Provinical Offences Act Backgrounder, November 16, 2011.

Two reports released last week show the municipal need for the provincial government to provide greater tools in the collection of Provincial Offences Act (POA) fines.  This was a key “AMO Ask” during the October provincial election.

Law Commission of Ontario

The Law Commission of Ontario has presented its final report on the issue which included the contributions of various municipal representatives.  It’s report entitled, “Modernizing the Provincial Offences Act: A new Framework and Other Reforms” reviewed the procedures for the prosecution of offences under Ontario statues, regulations and municipal by-laws.  Recommendations of particular relevance to municipalities are listed below:

Administrative Monetary Penalties (AMP) and Parking Infractions (Recommendations 10-15)

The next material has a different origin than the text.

(* Let $(M,\le)$ be a finite modular lattice and let $Q$ be a set of covering relations of $M$. Then $Q$ is the set of covering relations (of $M$) contained in some saturated transfer system on $M$ if and only if $Q$ is a saturated cover. Moreover, the assignments $Q\mapsto\langle Q\rangle$ and $R\mapsto R_{cov}$ are mutually inverse bijections between saturated covers on $M$ and saturated transfer systems on $M$, where $R_{cov}$ is the set of covering relations of $M$ lying in $R$.
   Context: A lattice $M$ is modular if $a\le b$ implies $a\vee(x\wedge b)=(a\vee x)\wedge b$ for all $a,b,x$. A transfer system on a finite lattice $(P,\le)$ is a partial order $R$ refining $\le$ closed under restriction: $x\,R\,z$ and $y\le z$ imply $(x\wedge y)\,R\,y$. It is saturated if $x\,R\,y$, $y\le z$ and $x\,R\,z$ imply $y\,R\,z$. For a set $Q$ of pairs $(x,y)$ with $x\le y$, $\langle Q\rangle$ is the intersection of all transfer systems containing $Q$. A covering diamond is a quadruple $x,y,x\wedge y,x\vee y$ with $x\ne y$ such that $x\vee y$ covers both $x$ and $y$ and both $x,y$ cover $x\wedge y$. A saturated cover on $M$ is a set $Q$ of covering relations of $M$ such that (1) for all $x,y\in M$, if $x\,Q\,(x\vee y)$ then $(x\wedge y)\,Q\,y$; and (2) for every covering diamond, if three of its four covering relations ($x\wedge y\lessdot x$, $x\wedge y\lessdot y$, $x\lessdot x\vee y$, $y\lessdot x\vee y$) lie in $Q$, then so does the fourth. *)

theory Defs
  imports Main
begin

The report suggests that the greater use of Administrative Monetary Penalties (AMPs) as permitted by the Municipal Act could yield greater savings and efficiencies in the court system.  An AMP system generally imposes a fine at the time of infraction (as opposed to a fine which is imposed after a guilty plea or court conviction) and provides for dispute resolution by an independent administrator (rather than a court).

Currently only the Cities of Oshawa and Vaughan use an AMP system.  Vaughan has realised significant streamlining and efficiencies in pursuing this alternative.  The report recommends mandating the broader municipal use of an AMP system after a 3 year delay and amendments to the Municipal Act to include the improper use of disabled parking spaces as an AMP recoverable infraction.  It also suggests exploring using the AMP system for some offences under the Highway Traffic Act.  The Commission concludes that such changes would be constitutional.  AMO will discuss these recommendations with the Ministry of the Attorney General.

Unpaid fines (Recommendations 38, 44)

The report draws attention to a key advocacy issue of AMO.  It notes some of the new enforcement tools granted to municipalities in 2009 but points out, “they may be of limited assistance.”  AMO estimates that $1 million in fines go unpaid each week in Ontario.  The report points out that in the other provinces, agreements with the federal government ensure unpaid fines are deducted from income tax refunds and GST rebates.  It raises concern that such a policy here could affect low-income Ontarians.  The report is silent on the effects of this fine enforcement technique on the low-income populations of Saskatchewan and Alberta where such programs already exist.   

AMO has argued for several years that the efficacy of existing methods of fine enforcement (including refusing vehicle licence plate and driver’s licence renewals) could be greatly improved with better inter-ministry and inter-jurisdictional information sharing.  The report suggests that the full list of recommendations made in 2009 by the POA Streamlining Review be reconsidered for implementation.  AMO looks forward to discussing all improvements to fine enforcement with the Ministry of the Attorney General and other ministries.

Ontario Association of Police Service Boards (OAPSB)

The second report has been prepared by the Ontario Association of Police Service Boards. The OAPSB recommends the Government of Ontario:

  • Provide better data for better decision-making
  • Improve inter-ministry collaboration and information sharing
  • Embrace stakeholders, by holding regular discussion forums and acting on their suggestions
  • Allow courts to assess ability to pay, and offer alternative sentences
  • Provide better “customer” service to those persons paying fines
  • Provide more “carrots and sticks,” including discounts for early fine payment, stiffer late
  • penalties, and payments in accordance with the chronological order of sentencing
  • Help municipalities to follow up on outstanding fines (“ask them, and they might pay”)
  • Institute stronger, meaningful collection sanctions for fine defaulters, including broader driver’s licence and licence plate denial, vehicle impoundment, and garnishment of income tax refunds


AMO will continue to lobby the province for improvements to the fine collection and enforcement system.  It is an issue of fundamental importance to the rule of law and the administration of justice in Ontario.  AMO is encouraged by the Premier’s statements at the August Conference and again recently in the media regarding the government’s commitment to improving fine collection.  AMO President Gary McNamara will be discussing the issue with the Attorney General and the Minister of Municipal Affairs and Housing in the near future.